● PROBLEM:
Below are some records; find each line that carries the word "else" and copy it.

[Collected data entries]
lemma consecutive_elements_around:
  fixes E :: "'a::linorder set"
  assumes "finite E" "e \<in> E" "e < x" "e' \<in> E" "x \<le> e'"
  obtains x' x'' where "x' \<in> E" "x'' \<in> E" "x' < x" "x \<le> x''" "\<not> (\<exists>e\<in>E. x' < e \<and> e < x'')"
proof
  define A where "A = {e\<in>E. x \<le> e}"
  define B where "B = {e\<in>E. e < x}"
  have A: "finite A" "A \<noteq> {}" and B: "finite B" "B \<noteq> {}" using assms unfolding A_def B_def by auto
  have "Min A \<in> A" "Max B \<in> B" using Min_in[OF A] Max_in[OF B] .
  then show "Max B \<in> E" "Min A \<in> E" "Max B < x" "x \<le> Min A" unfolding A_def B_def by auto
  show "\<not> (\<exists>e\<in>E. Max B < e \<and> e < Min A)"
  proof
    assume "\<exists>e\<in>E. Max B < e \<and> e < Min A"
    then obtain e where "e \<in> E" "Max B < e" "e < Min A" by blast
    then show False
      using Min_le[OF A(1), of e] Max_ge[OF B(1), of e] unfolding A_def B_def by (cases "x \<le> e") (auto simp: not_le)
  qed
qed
--
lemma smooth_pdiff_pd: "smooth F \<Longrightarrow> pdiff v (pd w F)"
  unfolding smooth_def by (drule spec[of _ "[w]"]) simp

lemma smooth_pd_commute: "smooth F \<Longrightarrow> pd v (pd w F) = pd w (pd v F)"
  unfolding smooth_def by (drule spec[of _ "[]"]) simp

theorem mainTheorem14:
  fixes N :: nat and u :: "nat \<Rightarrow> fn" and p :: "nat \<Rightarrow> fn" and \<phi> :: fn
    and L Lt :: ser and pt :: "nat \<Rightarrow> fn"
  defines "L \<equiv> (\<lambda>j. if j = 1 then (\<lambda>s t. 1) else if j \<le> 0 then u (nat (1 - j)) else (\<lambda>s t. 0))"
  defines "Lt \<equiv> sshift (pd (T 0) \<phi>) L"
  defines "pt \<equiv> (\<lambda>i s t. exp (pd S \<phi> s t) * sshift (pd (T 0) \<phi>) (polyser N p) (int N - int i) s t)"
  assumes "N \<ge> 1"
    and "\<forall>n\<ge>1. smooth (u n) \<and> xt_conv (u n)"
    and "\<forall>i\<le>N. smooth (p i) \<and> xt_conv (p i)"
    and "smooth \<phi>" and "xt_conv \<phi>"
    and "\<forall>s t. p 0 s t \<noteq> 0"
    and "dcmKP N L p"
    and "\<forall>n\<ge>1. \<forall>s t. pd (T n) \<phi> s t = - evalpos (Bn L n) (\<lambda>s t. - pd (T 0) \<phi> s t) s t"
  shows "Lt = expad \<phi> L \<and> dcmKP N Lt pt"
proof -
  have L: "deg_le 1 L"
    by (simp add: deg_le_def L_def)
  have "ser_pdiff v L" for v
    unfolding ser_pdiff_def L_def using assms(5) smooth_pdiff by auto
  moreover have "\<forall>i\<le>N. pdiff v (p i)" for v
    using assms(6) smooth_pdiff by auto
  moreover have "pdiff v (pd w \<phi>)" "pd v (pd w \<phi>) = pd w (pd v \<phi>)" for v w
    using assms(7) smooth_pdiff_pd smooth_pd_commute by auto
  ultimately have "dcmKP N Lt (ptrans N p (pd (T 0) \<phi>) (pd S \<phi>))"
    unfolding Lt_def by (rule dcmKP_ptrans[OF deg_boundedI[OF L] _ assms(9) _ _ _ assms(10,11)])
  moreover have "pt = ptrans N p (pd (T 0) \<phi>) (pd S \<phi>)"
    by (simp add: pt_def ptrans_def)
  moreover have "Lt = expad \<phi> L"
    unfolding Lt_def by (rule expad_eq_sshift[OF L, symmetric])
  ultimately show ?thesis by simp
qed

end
---
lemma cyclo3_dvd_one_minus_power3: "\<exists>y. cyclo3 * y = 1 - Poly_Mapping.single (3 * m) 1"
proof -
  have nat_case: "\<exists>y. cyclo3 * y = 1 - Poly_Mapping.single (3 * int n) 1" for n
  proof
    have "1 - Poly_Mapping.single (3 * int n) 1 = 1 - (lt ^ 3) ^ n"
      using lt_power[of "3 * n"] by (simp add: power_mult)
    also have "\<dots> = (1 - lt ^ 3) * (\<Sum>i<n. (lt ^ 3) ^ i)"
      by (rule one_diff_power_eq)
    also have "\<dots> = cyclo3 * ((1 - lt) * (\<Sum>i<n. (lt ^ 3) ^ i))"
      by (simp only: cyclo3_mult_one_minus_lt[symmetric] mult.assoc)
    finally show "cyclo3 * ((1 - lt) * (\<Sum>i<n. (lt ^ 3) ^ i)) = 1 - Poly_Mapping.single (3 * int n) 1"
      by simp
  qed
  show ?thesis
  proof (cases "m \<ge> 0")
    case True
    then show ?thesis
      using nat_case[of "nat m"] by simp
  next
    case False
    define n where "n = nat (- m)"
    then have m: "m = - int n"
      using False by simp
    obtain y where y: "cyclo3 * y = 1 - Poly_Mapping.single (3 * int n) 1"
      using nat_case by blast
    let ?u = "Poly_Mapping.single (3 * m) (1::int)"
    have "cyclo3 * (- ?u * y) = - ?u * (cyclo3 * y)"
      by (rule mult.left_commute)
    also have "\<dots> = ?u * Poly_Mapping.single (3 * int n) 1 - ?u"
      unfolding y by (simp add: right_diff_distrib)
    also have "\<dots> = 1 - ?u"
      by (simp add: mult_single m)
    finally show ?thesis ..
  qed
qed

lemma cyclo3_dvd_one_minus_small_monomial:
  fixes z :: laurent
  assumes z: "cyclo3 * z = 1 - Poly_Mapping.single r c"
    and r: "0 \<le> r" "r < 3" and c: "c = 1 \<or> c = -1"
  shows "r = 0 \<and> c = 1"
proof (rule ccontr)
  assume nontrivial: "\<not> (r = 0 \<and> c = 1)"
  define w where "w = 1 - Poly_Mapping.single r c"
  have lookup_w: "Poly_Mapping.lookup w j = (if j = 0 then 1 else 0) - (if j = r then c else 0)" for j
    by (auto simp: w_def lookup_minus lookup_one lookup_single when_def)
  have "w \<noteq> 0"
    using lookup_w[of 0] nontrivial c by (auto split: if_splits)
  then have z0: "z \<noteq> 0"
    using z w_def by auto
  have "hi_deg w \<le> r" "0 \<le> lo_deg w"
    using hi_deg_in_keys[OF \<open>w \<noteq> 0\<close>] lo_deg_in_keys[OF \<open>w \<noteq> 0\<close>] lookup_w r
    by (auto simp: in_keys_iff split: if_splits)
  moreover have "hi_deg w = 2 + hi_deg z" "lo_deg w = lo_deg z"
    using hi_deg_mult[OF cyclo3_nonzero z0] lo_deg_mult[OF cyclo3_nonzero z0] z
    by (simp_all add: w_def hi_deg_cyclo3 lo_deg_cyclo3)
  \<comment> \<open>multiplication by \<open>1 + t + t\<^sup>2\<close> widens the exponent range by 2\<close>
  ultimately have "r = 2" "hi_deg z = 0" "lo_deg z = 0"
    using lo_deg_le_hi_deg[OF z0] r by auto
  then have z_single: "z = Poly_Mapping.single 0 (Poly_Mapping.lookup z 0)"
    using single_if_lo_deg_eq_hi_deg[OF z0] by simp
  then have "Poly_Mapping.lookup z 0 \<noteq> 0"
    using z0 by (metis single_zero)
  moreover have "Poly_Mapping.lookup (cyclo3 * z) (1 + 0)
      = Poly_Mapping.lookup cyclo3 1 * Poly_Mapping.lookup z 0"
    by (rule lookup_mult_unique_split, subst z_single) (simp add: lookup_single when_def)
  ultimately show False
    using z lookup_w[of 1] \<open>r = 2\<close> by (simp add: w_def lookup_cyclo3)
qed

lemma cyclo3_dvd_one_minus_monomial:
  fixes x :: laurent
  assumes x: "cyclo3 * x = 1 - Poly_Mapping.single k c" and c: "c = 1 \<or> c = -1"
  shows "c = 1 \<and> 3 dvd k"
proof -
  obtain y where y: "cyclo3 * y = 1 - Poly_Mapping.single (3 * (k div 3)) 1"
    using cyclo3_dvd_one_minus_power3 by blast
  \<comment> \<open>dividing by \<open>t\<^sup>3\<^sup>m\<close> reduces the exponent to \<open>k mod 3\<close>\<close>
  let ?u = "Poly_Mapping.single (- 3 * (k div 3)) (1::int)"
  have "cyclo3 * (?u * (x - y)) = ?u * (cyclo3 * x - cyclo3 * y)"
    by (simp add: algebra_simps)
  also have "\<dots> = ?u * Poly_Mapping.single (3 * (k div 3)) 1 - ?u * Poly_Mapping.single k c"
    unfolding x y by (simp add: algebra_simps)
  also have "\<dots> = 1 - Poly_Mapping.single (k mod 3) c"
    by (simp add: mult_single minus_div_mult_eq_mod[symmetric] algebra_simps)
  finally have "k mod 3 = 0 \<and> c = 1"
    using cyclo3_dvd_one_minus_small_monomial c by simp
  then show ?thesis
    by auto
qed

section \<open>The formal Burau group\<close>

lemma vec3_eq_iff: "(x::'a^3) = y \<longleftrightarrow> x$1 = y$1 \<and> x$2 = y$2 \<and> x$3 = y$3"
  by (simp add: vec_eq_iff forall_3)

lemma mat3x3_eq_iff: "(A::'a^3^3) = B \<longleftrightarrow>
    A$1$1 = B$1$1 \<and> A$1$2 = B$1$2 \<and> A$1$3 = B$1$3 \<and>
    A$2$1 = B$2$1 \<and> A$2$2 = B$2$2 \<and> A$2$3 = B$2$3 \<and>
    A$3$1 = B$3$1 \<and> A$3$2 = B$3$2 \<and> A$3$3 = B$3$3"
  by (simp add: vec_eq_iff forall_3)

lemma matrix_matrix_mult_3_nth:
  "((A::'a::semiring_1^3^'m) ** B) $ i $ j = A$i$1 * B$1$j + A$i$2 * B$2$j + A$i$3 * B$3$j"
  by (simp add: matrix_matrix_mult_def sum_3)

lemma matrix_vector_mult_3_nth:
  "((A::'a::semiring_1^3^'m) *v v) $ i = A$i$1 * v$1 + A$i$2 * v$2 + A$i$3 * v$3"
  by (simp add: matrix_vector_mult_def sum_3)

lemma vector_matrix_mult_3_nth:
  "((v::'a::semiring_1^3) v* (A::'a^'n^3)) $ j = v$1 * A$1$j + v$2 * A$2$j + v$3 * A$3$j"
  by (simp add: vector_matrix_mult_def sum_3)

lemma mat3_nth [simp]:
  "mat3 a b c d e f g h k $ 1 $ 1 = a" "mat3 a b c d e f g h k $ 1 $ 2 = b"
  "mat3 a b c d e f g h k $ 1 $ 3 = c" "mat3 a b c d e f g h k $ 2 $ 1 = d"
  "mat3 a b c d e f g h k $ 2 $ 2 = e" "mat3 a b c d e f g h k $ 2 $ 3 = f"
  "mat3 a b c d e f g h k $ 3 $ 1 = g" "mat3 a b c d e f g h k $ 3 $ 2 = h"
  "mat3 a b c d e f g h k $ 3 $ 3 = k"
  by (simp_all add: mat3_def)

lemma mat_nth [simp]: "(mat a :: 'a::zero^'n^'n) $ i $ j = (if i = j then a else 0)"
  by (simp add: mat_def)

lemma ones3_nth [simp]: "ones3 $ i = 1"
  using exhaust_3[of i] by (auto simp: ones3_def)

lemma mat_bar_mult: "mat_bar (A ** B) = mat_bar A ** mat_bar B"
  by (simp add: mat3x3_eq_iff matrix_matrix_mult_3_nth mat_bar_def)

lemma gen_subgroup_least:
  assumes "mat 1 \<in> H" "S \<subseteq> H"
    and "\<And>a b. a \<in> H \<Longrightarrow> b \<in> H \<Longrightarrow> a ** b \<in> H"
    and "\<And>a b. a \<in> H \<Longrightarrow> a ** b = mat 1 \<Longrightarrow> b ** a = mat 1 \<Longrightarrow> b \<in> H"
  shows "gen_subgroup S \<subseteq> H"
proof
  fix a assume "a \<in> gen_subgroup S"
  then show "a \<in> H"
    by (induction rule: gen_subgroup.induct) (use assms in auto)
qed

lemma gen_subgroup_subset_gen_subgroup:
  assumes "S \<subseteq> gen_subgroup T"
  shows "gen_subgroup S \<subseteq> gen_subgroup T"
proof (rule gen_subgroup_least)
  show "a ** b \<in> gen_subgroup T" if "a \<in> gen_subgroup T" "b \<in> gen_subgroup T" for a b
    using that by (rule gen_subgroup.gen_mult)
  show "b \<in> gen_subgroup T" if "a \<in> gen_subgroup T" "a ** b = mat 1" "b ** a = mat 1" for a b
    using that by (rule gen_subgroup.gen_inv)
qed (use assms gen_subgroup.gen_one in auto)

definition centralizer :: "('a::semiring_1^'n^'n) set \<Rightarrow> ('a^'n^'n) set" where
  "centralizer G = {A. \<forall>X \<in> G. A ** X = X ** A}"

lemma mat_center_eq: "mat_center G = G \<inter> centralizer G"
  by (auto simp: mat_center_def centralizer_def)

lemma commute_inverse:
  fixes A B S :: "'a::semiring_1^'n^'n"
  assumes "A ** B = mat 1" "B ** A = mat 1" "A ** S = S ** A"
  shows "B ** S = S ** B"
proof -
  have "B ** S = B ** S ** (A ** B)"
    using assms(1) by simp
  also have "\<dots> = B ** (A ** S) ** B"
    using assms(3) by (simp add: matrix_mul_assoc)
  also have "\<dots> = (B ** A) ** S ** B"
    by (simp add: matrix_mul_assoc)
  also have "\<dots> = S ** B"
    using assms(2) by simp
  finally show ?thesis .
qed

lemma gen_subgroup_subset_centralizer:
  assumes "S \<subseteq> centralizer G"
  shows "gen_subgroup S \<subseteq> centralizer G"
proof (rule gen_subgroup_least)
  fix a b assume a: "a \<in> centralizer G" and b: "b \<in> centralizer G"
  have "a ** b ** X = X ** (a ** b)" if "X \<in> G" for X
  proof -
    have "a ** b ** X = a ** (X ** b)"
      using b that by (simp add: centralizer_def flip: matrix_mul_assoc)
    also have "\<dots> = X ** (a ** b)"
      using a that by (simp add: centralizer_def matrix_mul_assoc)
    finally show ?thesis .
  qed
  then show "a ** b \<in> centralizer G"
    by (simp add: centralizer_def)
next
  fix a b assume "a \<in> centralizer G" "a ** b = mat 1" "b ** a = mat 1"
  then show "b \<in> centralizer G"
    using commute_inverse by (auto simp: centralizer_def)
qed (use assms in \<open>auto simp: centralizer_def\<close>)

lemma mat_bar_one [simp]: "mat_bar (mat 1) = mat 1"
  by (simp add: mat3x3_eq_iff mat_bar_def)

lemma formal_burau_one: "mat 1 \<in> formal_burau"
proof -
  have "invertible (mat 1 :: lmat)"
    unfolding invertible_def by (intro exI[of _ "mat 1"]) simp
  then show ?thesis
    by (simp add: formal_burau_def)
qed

● ANSWER TO THIS PROBLEM:
  defines "L \<equiv> (\<lambda>j. if j = 1 then (\<lambda>s t. 1) else if j \<le> 0 then u (nat (1 - j)) else (\<lambda>s t. 0))"
  have lookup_w: "Poly_Mapping.lookup w j = (if j = 0 then 1 else 0) - (if j = r then c else 0)" for j
lemma mat_nth [simp]: "(mat a :: 'a::zero^'n^'n) $ i $ j = (if i = j then a else 0)"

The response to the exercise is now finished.